#### [Task to complete]
Work out how many lines in the records contain the word "each", and give that number alone.

━━━ Exercise data

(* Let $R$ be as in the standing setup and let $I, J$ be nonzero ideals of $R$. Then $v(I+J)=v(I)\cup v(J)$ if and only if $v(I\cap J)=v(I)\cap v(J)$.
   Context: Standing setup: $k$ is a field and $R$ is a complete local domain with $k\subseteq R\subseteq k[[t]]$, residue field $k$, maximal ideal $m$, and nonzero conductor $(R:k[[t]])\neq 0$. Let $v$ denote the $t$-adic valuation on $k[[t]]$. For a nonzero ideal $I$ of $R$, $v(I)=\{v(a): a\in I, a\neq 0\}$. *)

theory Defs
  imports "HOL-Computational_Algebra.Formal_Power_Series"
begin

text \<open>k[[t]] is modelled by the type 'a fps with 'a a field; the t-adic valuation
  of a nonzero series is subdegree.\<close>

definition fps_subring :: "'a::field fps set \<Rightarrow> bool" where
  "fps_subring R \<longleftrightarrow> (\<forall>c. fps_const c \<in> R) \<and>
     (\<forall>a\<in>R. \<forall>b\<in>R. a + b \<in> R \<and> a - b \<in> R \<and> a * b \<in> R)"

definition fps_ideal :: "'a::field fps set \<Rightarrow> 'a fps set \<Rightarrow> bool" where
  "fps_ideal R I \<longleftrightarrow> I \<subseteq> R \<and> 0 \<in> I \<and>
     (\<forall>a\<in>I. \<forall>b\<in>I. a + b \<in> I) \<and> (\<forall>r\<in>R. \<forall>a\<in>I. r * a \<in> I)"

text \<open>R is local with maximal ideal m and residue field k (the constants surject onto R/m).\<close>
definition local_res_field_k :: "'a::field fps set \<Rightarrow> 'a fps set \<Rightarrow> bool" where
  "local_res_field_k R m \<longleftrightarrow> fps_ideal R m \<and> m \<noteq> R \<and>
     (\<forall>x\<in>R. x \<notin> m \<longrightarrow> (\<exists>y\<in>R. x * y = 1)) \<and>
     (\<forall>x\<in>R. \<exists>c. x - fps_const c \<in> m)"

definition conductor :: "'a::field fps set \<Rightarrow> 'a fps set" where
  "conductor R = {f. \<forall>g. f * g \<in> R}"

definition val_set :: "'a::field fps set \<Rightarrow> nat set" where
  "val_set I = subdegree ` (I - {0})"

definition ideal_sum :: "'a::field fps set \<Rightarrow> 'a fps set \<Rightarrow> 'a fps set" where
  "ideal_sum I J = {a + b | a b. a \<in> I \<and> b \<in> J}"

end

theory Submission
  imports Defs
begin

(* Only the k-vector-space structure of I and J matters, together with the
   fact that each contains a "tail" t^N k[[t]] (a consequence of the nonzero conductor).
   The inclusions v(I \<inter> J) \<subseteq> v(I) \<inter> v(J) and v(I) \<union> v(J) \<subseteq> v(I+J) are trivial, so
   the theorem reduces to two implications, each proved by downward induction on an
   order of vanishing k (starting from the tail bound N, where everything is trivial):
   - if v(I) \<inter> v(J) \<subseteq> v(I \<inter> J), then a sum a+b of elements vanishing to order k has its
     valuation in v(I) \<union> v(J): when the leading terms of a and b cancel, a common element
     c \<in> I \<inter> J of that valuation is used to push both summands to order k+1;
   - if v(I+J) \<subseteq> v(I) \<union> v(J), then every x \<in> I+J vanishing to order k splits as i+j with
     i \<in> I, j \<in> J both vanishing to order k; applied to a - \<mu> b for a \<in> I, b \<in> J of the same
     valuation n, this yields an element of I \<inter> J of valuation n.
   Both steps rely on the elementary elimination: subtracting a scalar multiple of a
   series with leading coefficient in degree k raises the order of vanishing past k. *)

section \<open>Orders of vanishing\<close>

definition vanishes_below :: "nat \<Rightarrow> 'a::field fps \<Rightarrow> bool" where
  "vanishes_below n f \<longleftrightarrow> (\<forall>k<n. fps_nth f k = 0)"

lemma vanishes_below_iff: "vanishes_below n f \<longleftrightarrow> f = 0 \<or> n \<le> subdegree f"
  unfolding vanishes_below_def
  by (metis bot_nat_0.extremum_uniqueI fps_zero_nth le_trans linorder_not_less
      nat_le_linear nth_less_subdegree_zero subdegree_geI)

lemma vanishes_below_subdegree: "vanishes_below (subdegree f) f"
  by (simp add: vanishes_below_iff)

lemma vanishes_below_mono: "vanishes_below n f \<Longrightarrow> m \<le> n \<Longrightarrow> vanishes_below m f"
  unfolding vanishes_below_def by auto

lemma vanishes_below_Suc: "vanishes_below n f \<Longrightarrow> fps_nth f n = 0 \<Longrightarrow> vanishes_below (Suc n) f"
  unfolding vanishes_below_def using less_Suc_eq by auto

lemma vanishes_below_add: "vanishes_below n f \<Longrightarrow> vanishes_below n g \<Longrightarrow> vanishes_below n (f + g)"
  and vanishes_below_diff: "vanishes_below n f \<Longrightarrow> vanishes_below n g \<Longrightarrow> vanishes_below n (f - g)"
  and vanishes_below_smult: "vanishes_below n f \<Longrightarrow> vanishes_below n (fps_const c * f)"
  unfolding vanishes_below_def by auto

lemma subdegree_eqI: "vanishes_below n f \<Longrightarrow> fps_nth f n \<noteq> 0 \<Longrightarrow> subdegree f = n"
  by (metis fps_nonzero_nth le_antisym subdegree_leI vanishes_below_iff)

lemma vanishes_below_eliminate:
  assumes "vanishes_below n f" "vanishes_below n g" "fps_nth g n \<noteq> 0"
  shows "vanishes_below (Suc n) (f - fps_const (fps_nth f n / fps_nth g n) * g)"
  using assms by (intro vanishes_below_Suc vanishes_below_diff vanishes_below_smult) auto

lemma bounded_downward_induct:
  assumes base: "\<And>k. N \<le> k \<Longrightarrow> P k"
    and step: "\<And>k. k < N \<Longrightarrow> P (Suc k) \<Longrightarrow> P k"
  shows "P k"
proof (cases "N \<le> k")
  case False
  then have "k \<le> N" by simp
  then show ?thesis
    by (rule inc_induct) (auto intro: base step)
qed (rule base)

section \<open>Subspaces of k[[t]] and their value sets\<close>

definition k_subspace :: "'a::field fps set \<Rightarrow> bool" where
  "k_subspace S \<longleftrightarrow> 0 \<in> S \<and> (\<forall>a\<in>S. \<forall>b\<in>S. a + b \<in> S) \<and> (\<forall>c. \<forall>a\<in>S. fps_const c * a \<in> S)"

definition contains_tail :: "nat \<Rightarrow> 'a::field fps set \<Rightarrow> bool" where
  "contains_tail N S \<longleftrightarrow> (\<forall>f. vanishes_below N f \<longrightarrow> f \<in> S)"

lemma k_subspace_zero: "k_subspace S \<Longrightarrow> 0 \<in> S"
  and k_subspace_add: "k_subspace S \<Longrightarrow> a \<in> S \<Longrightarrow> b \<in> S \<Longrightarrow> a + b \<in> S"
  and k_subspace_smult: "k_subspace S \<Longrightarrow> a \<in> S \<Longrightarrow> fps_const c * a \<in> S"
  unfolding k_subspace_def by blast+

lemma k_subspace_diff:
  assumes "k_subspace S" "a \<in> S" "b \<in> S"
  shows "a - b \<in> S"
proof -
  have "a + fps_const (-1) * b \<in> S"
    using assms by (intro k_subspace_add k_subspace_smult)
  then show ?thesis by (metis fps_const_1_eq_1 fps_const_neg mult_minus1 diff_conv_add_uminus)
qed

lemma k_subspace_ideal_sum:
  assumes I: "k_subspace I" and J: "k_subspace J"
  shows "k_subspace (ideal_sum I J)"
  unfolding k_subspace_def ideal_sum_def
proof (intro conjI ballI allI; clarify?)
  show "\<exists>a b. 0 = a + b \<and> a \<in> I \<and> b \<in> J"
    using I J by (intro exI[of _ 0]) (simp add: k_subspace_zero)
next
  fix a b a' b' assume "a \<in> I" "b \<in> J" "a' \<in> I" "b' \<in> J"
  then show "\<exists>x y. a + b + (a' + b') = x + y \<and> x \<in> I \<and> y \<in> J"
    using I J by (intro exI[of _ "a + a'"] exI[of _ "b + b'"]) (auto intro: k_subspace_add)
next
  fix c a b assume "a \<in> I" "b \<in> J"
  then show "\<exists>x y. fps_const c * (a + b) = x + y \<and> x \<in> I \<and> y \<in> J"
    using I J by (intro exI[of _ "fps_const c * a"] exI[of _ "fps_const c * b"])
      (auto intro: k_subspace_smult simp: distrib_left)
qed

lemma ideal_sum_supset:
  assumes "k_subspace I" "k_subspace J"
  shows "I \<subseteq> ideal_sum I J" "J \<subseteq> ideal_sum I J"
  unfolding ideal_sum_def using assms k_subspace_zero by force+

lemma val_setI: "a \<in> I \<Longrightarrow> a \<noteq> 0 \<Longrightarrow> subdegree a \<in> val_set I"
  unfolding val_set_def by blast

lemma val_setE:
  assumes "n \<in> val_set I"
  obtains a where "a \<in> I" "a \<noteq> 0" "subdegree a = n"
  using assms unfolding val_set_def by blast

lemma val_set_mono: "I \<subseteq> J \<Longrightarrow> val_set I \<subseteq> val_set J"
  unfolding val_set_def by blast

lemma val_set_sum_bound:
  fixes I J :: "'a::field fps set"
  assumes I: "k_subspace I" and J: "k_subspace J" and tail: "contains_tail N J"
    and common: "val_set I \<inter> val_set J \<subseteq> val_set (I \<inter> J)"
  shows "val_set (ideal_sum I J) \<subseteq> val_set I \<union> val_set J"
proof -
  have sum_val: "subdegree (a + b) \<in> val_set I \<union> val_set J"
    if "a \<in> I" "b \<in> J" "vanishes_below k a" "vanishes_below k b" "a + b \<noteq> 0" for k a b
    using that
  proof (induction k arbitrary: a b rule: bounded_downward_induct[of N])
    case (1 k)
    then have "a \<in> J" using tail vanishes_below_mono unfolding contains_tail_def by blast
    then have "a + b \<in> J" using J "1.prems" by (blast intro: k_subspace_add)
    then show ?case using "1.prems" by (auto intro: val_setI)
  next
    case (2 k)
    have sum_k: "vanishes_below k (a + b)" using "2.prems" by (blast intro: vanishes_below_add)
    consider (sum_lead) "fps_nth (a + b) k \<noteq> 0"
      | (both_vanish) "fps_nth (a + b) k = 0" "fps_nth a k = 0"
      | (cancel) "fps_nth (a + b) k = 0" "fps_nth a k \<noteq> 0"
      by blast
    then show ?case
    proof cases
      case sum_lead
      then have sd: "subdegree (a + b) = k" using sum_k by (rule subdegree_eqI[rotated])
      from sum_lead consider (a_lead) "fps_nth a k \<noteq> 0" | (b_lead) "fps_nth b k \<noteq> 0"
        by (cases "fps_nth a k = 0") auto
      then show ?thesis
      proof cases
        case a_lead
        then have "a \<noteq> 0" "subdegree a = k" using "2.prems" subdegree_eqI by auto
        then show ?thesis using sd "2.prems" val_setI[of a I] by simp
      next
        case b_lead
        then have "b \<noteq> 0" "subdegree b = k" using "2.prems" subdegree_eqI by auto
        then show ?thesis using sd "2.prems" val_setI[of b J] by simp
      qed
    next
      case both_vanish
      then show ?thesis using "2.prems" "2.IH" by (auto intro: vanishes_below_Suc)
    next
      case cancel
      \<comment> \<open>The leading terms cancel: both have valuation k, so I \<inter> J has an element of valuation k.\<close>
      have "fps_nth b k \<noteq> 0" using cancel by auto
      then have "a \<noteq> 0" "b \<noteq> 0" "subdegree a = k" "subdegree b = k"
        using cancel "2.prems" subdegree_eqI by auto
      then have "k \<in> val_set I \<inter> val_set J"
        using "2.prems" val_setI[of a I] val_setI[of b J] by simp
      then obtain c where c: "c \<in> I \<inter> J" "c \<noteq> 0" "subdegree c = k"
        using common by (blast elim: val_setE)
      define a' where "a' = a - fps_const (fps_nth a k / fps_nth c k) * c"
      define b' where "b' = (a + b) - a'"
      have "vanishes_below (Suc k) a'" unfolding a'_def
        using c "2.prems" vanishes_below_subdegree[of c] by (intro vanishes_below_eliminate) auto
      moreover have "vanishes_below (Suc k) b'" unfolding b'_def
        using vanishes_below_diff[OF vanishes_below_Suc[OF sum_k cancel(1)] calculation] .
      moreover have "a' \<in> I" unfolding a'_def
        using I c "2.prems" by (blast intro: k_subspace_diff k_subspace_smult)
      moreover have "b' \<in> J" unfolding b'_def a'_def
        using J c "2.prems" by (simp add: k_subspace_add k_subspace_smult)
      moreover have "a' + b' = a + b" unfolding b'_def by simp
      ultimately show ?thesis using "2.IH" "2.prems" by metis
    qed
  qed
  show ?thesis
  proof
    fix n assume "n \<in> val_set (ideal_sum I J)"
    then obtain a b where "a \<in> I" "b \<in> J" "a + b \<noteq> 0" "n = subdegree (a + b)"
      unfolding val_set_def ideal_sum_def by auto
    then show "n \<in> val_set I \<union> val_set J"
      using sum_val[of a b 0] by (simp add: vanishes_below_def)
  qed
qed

━━━━━━

#### [Response]
2